The final decision in the _Calchas_ case marks a welcome change of policy. Cotton has now followed foodstuffs into the category of "conditional" contraband, and effect has so far been given to the representations on the subject made by Mr. Hay in circular despatches of June 10 and August 30, 1904, and by Sir Charles Hardinge, in a note presented to Count Lamsdorff on October 9 of the same year.
The question had become a practical one in the case of the _Calchas_. On July 25 this vessel, laden with, _inter alia_, nine tons of raw cotton for Yokohama and Kobe, was seized by a Russian cruiser and carried into Vladivostok, where, on September 18, the cotton, together with other portions of her cargo, was condemned as absolutely contraband. The reasons for repudiating this decision, and the notification to which it gave effect, were not far to seek, and it may still be worth while to insist upon them. As against Russia, it is well to recall that, from the days of the Armed Neutralities onwards, her traditional policy has been to favour a very restricted list of contraband; that when in 1877, as again in 1900 and 1904, she included in it materials "servant de faire sauter les obstacles," the examples given of such materials were things so immediately fitted for warlike use as "les mines, les torpilles, la dynamite," &c.; and that what is said as to "conditional contraband" by her trusted adviser, Professor de Martens, in his _Droit International_, t. iii (1887), pp. 351-354, can scarcely be reconciled with her recent action.
But a still stronger argument against the inclusion of cotton in the list of "absolute" contraband is that this is wholly without precedent.
It has, indeed, been alleged that cotton was declared to be "contraband"
by the United States in their Civil War. The Federal proclamations will, however, be searched in vain for anything of the kind. The mistake is due to an occasional loose employment of the term, as descriptive of articles found by an invader in an enemy"s territory, which, although the property of private, and even neutral, individuals, happen to be so useful for the purposes of the war as to be justly confiscated. That this was so will appear from an attentive reading of the case of _Mrs.
Alexander"s Cotton_, in 1861 (2 Wallace, 404), and of the arguments in the claim made by Messrs. Maza and Larrache against the United States in 1886 (Foreign Relations of U.S., 1887). A similarly loose use of the term was its application by General B.F. Butler to runaway slaves who had been employed on military works--an application of which he confessed himself "never very proud as a lawyer," though "as an executive officer, much comforted with it." The phrase caught the popular fancy, came to be applied to slaves generally, and was immortalised in a song, long a favourite among negro children, the refrain of which was "I"se a happy little contraband."
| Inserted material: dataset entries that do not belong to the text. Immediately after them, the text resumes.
(* Let $\mathcal{A}$ be an infinite set. There exists a continuous locally finite-dimensional map $\eta:\mathfrak{S}(\mathcal{A})\to\boldsymbol{\Sigma}(\mathcal{A})$ such that $\overline{\operatorname{car}_\eta}^*(y)\subseteq\operatorname{car}(y)$ for every $y\in\mathfrak{S}(\mathcal{A})$. Consequently, if $X$ is a space and $\xi:X\to\mathfrak{S}(\mathcal{A})$ is continuous, then $\eta\circ\xi:X\to\boldsymbol{\Sigma}(\mathcal{A})$ is a continuous locally finite-dimensional map with $\overline{\operatorname{car}_{\eta\circ\xi}}^*(p)\subseteq\operatorname{car}_\xi(p)$ for every $p\in X$.
   Context: $\ell_1(\mathcal{A})$ is the Banach space of all $y:\mathcal{A}\to\mathbb{R}$ with $\|y\|_1=\sum_{\alpha}|y(\alpha)|<\infty$; $\mathbf{c}_{00}(\mathcal{A})\subseteq\ell_1(\mathcal{A})$ is the subspace of finitely supported functions. $\mathfrak{S}(\mathcal{A})=\{y\in\ell_1(\mathcal{A}): y(\alpha)\ge0\ \forall\alpha,\ \|y\|_1=1\}$ and $\boldsymbol{\Sigma}(\mathcal{A})=\mathfrak{S}(\mathcal{A})\cap\mathbf{c}_{00}(\mathcal{A})$, both with the $\|\cdot\|_1$-norm topology. $\operatorname{car}(y)=\{\alpha: y(\alpha)\neq0\}$; for a map $\zeta$ into $\mathbb{R}^{\mathcal{A}}$, $\operatorname{car}_\zeta(x)=\operatorname{car}(\zeta[x])$, where $\zeta[x]$ is the value at $x$. A map into a vector space is locally finite-dimensional if every point has an open neighbourhood mapped into a finite-dimensional linear subspace. For a cover $\Omega:Z\rightrightarrows\mathcal{A}$ of a space $Z$ (a map assigning nonempty subsets of $\mathcal{A}$), $\overline{\Omega}^*(p)=\bigcap\{\bigcup_{z\in U}\Omega(z): U\subseteq Z \text{ open}, p\in U\}$; equivalently $(\overline{\Omega}^* )^{-1}(\alpha)$ is the closure of $\Omega^{-1}(\alpha)=\{z:\alpha\in\Omega(z)\}$. *)

theory Defs
  imports "HOL-Analysis.Analysis"
begin

text \<open>The index set A is rendered as the universe of a type 'a. Elements of R^A are
  functions 'a \<Rightarrow> real.\<close>

definition ell1 :: "('a \<Rightarrow> real) set" where
  "ell1 = {y. (\<lambda>\<alpha>. \<bar>y \<alpha>\<bar>) summable_on UNIV}"

definition l1norm :: "('a \<Rightarrow> real) \<Rightarrow> real" where
  "l1norm y = (\<Sum>\<^sub>\<infinity>\<alpha>. \<bar>y \<alpha>\<bar>)"

definition l1dist :: "('a \<Rightarrow> real) \<Rightarrow> ('a \<Rightarrow> real) \<Rightarrow> real" where
  "l1dist y z = l1norm (\<lambda>\<alpha>. y \<alpha> - z \<alpha>)"

definition l1top :: "('a \<Rightarrow> real) set \<Rightarrow> ('a \<Rightarrow> real) topology" where
  "l1top S = subtopology (Metric_space.mtopology ell1 l1dist) S"

definition car :: "('a \<Rightarrow> real) \<Rightarrow> 'a set" where
  "car y = {\<alpha>. y \<alpha> \<noteq> 0}"

definition c00 :: "('a \<Rightarrow> real) set" where
  "c00 = {y \<in> ell1. finite (car y)}"

definition simplexS :: "('a \<Rightarrow> real) set" where
  "simplexS = {y \<in> ell1. (\<forall>\<alpha>. 0 \<le> y \<alpha>) \<and> l1norm y = 1}"

definition simplexSigma :: "('a \<Rightarrow> real) set" where
  "simplexSigma = simplexS \<inter> c00"

definition fspan :: "('a \<Rightarrow> real) set \<Rightarrow> ('a \<Rightarrow> real) set" where
  "fspan B = {v. \<exists>F c. finite F \<and> F \<subseteq> B \<and> v = (\<lambda>\<alpha>. \<Sum>b\<in>F. c b * b \<alpha>)}"

definition fin_dim_subspace :: "('a \<Rightarrow> real) set \<Rightarrow> bool" where
  "fin_dim_subspace V \<longleftrightarrow> (\<exists>B. finite B \<and> V = fspan B)"

definition locally_fin_dim :: "'b topology \<Rightarrow> ('b \<Rightarrow> ('a \<Rightarrow> real)) \<Rightarrow> bool" where
  "locally_fin_dim X f \<longleftrightarrow>
     (\<forall>x\<in>topspace X. \<exists>U V. openin X U \<and> x \<in> U \<and> fin_dim_subspace V \<and> f ` U \<subseteq> V)"

definition cover_closure_star :: "'b topology \<Rightarrow> ('b \<Rightarrow> 'a set) \<Rightarrow> 'b \<Rightarrow> 'a set" where
  "cover_closure_star X \<Omega> p = \<Inter> {\<Union> (\<Omega> ` U) | U. openin X U \<and> p \<in> U}"

end

theory Submission
  imports Defs
begin
(* For any cardinal $\kappa\ge\omega$ and integer $d\ge2$, $w\chi_{\rm CF}(\kappa,\kappa,d)=\left\lfloor d/2\right\rfloor+1$.
   Context: A weak conflict free coloring of a family $\mathcal A$ with $\rho$ colors is a function $f$ with $\operatorname{dom}(f)\subseteq\bigcup\mathcal A$, values in $\rho$, such that every $A\in\mathcal A$ has some $\zeta<\rho$ with $|A\cap f^{-1}\{\zeta\}|=1$; $w\chi_{\rm CF}(\mathcal A)$ is the least such $\rho$. A $(\lambda,\kappa,\mu)$-system is a family of $\lambda$ sets each of size $\kappa$, distinct members meeting in fewer than $\mu$ points; $w\chi_{\rm CF}(\lambda,\kappa,\mu)$ is the supremum of $w\chi_{\rm CF}(\mathcal A)$ over all $(\lambda,\kappa,\mu)$-systems. *)

theory Defs
  imports "HOL-Library.Extended_Nat"
begin

unbundle cardinal_syntax

definition wCF_coloring :: "'a set set \<Rightarrow> nat \<Rightarrow> ('a \<rightharpoonup> nat) \<Rightarrow> bool" where
  "wCF_coloring \<A> \<rho> f \<longleftrightarrow>
     dom f \<subseteq> \<Union>\<A> \<and> ran f \<subseteq> {..<\<rho>} \<and>
     (\<forall>A\<in>\<A>. \<exists>\<zeta><\<rho>. card (A \<inter> {x. f x = Some \<zeta>}) = 1)"

definition wCF_colorable :: "'a set set \<Rightarrow> nat \<Rightarrow> bool" where
  "wCF_colorable \<A> \<rho> \<longleftrightarrow> (\<exists>f. wCF_coloring \<A> \<rho> f)"

text \<open>The weak conflict free chromatic number; all infinite values are collapsed to \<infinity>.\<close>
definition wchi_CF :: "'a set set \<Rightarrow> enat" where
  "wchi_CF \<A> = (if \<exists>n. wCF_colorable \<A> n then enat (LEAST n. wCF_colorable \<A> n) else \<infinity>)"

definition lkm_system :: "'a set set \<Rightarrow> 'l rel \<Rightarrow> 'k rel \<Rightarrow> nat \<Rightarrow> bool" where
  "lkm_system \<A> lam \<kappa> \<mu> \<longleftrightarrow>
     |\<A>| =o lam \<and> (\<forall>A\<in>\<A>. |A| =o \<kappa>) \<and>
     (\<forall>A\<in>\<A>. \<forall>B\<in>\<A>. A \<noteq> B \<longrightarrow> finite (A \<inter> B) \<and> card (A \<inter> B) < \<mu>)"

definition wchi_CF_sys :: "'a itself \<Rightarrow> 'l rel \<Rightarrow> 'k rel \<Rightarrow> nat \<Rightarrow> enat" where
  "wchi_CF_sys _ lam \<kappa> \<mu> = (SUP \<A> \<in> {\<A> :: 'a set set. lkm_system \<A> lam \<kappa> \<mu>}. wchi_CF \<A>)"

end

theory Submission
  imports Defs
begin

text \<open>Well-order a \<open>(\<kappa>,\<kappa>,d)\<close>-system so that every member has fewer than \<open>\<kappa>\<close>
  predecessors. By transfinite recursion choose in each member \<open>A\<close> a representative \<open>x A\<close>
  lying in no earlier member and in no member that already contains \<open>d\<close> earlier representatives;
  the latter members are fewer than \<open>\<kappa>\<close> because they pairwise share fewer than \<open>d\<close> points.
  Then a member \<open>B\<close> contains no later representative and at most \<open>d \<le> 2k + 1\<close> earlier ones.
  Colouring only the representatives, again along the well-order, with \<open>k + 1\<close> colours, a
  pigeonhole argument lets the colour of \<open>x B\<close> be chosen so that some colour occurs exactly once
  in \<open>B\<close>.

  On \<open>\<kappa> \<times> \<kappa>\<close> the member indexed by \<open>\<alpha>\<close> is the tail \<open>{\<alpha>} \<times> [\<alpha>, \<kappa>)\<close> together with a
  finite set of points with second coordinate below \<open>\<alpha>\<close>. Enumerating every finite set cofinally
  often, the finite parts are chosen so that any set \<open>T\<close> of at most \<open>2k\<close> points, which has to
  avoid a finite \<open>P\<close> unless \<open>|T| = 2k\<close>, lies in some member missing \<open>P\<close>, while distinct members
  still share fewer than \<open>2k\<close> points. Given a colouring with \<open>k\<close> colours, taking two points of
  every colour class with at least two points for \<open>T\<close> and the small classes for \<open>P\<close> yields
  a member meeting every colour class in zero or at least two points.\<close>

section \<open>Cardinal arithmetic\<close>

lemma finite_card_of_ordLess_infinite: "finite X \<Longrightarrow> infinite K \<Longrightarrow> |X| <o |K|"
  by (rule finite_ordLess_infinite) (auto simp: card_of_well_order_on Field_card_of)

lemma card_of_UN_finite_ordLess:
  assumes K: "infinite K" and I: "|I| <o |K|" and fin: "\<And>i. i \<in> I \<Longrightarrow> finite (X i)"
  shows "|\<Union>i\<in>I. X i| <o |K|"
proof (cases "finite I")
  case True
  then show ?thesis using fin K by (intro finite_card_of_ordLess_infinite) auto
next
  case False
  have "|\<Union>i\<in>I. X i| \<le>o |I|"
    using False fin by (intro card_of_UNION_ordLeq_infinite)
      (auto intro: ordLess_imp_ordLeq finite_card_of_ordLess_infinite ordLeq_reflexive card_of_Well_order)
  then show ?thesis using I ordLeq_ordLess_trans by blast
qed

lemma card_of_finite_UN_ordLess:
  assumes K: "infinite K" and Q: "finite Q" and small: "\<And>q. q \<in> Q \<Longrightarrow> |X q| <o |K|"
  shows "|\<Union>q\<in>Q. X q| <o |K|"
  using Q small
proof (induction Q rule: finite_induct)
  case empty
  then show ?case using finite_card_of_ordLess_infinite[OF _ K, of "{}"] by simp
next
  case (insert q Q)
  then show ?case using card_of_Un_ordLess_infinite[OF K, of "X q" "\<Union>(X ` Q)"] by simp
qed

lemma card_of_Fpow_ordLeq_infinite:
  assumes S: "infinite S"
  shows "|Fpow S| \<le>o |S|"
proof -
  have layer: "|{F \<in> Fpow S. card F = n}| \<le>o |S|" for n
  proof (induction n)
    case 0
    have "{F \<in> Fpow S. card F = 0} = {{}}" using S by (auto simp: Fpow_def)
    then show ?case using S by (simp add: card_of_singl_ordLeq infinite_imp_nonempty)
  next
    case (Suc n)
    have "{F \<in> Fpow S. card F = Suc n} \<subseteq> (\<lambda>(x, G). insert x G) ` (S \<times> {F \<in> Fpow S. card F = n})"
    proof
      fix F assume "F \<in> {F \<in> Fpow S. card F = Suc n}"
      then obtain x where "x \<in> F" "F \<subseteq> S" "finite F" "card F = Suc n"
        by (auto simp: Fpow_def card_Suc_eq)
      then show "F \<in> (\<lambda>(x, G). insert x G) ` (S \<times> {F \<in> Fpow S. card F = n})"
        by (intro image_eqI[of _ _ "(x, F - {x})"]) (auto simp: Fpow_def)
    qed
    moreover have "|S \<times> {F \<in> Fpow S. card F = n}| \<le>o |S|"
      using S Suc by (intro card_of_Times_ordLeq_infinite_Field)
        (auto simp: Field_card_of card_of_Card_order card_of_card_order_on
          intro: ordLeq_reflexive card_of_Well_order)
    ultimately show ?case using surj_imp_ordLeq ordLeq_transitive by blast
  qed
  have "Fpow S = (\<Union>n. {F \<in> Fpow S. card F = n})" by auto
  moreover have "|\<Union>n. {F \<in> Fpow S. card F = n}| \<le>o |S|"
    using S layer S[unfolded infinite_iff_card_of_nat]
    by (intro card_of_UNION_ordLeq_infinite) auto
  ultimately show ?thesis by simp
qed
The decision of the Court of St. Petersburg in the case of the _Calchas_, so far as it recognises the existence of a conditional cla.s.s of contraband, and that raw cotton, as _res ancipitis usus_, must be treated in accordance with the rules applicable to goods belonging to that cla.s.s, has laid down an unimpeachable proposition of law. Whether the view taken by the Court of the facts of the case, so far as they relate to the cotton cargo, is equally satisfactory, is a different and less important question, upon which I refrain from troubling you upon the present occasion.